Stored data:
════════════════
lemma cl_mult_carrier: "cl_mult n q x y \<in> cl_carrier n"
  unfolding cl_carrier_def cl_mult_def
proof (intro CollectI allI impI)
  fix C assume "(\<Sum>A\<in>Pow {..<n}. \<Sum>B\<in>Pow {..<n}.
      if (A - B) \<union> (B - A) = C then x A * y B * blade_sign q A B else 0) \<noteq> 0"
  then obtain A where A: "A \<in> Pow {..<n}" and "(\<Sum>B\<in>Pow {..<n}.
      if (A - B) \<union> (B - A) = C then x A * y B * blade_sign q A B else 0) \<noteq> 0"
    by (rule sum.not_neutral_contains_not_neutral)
  from this(2) obtain B where "B \<in> Pow {..<n}" and "(if (A - B) \<union> (B - A) = C
      then x A * y B * blade_sign q A B else 0) \<noteq> 0"
    by (rule sum.not_neutral_contains_not_neutral)
  with A show "C \<subseteq> {..<n}" by (auto split: if_splits)
qed

lemma cl_add_carrier: "x \<in> cl_carrier n \<Longrightarrow> y \<in> cl_carrier n \<Longrightarrow> cl_add x y \<in> cl_carrier n"
  unfolding cl_carrier_def cl_add_def by (smt (verit) add_0 mem_Collect_eq)

lemma cl_scale_carrier: "x \<in> cl_carrier n \<Longrightarrow> cl_scale c x \<in> cl_carrier n"
  unfolding cl_carrier_def cl_scale_def by auto

lemma cl_cross_carrier: "x \<in> cl_carrier n \<Longrightarrow> cl_cross x \<in> cl_carrier n"
  unfolding cl_carrier_def cl_cross_def cl_conj_def cl_rev_def by auto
════════════════
→ Assignment
Output exactly the lines between the one containing "proof (intro CollectI allI impI)" and the final line above, both inclusive.

→ Solution for this exercise
proof (intro CollectI allI impI)
  fix C assume "(\<Sum>A\<in>Pow {..<n}. \<Sum>B\<in>Pow {..<n}.
      if (A - B) \<union> (B - A) = C then x A * y B * blade_sign q A B else 0) \<noteq> 0"
  then obtain A where A: "A \<in> Pow {..<n}" and "(\<Sum>B\<in>Pow {..<n}.
      if (A - B) \<union> (B - A) = C then x A * y B * blade_sign q A B else 0) \<noteq> 0"
    by (rule sum.not_neutral_contains_not_neutral)
  from this(2) obtain B where "B \<in> Pow {..<n}" and "(if (A - B) \<union> (B - A) = C
      then x A * y B * blade_sign q A B else 0) \<noteq> 0"
    by (rule sum.not_neutral_contains_not_neutral)
  with A show "C \<subseteq> {..<n}" by (auto split: if_splits)
qed

lemma cl_add_carrier: "x \<in> cl_carrier n \<Longrightarrow> y \<in> cl_carrier n \<Longrightarrow> cl_add x y \<in> cl_carrier n"
  unfolding cl_carrier_def cl_add_def by (smt (verit) add_0 mem_Collect_eq)

lemma cl_scale_carrier: "x \<in> cl_carrier n \<Longrightarrow> cl_scale c x \<in> cl_carrier n"
  unfolding cl_carrier_def cl_scale_def by auto

lemma cl_cross_carrier: "x \<in> cl_carrier n \<Longrightarrow> cl_cross x \<in> cl_carrier n"
  unfolding cl_carrier_def cl_cross_def cl_conj_def cl_rev_def by auto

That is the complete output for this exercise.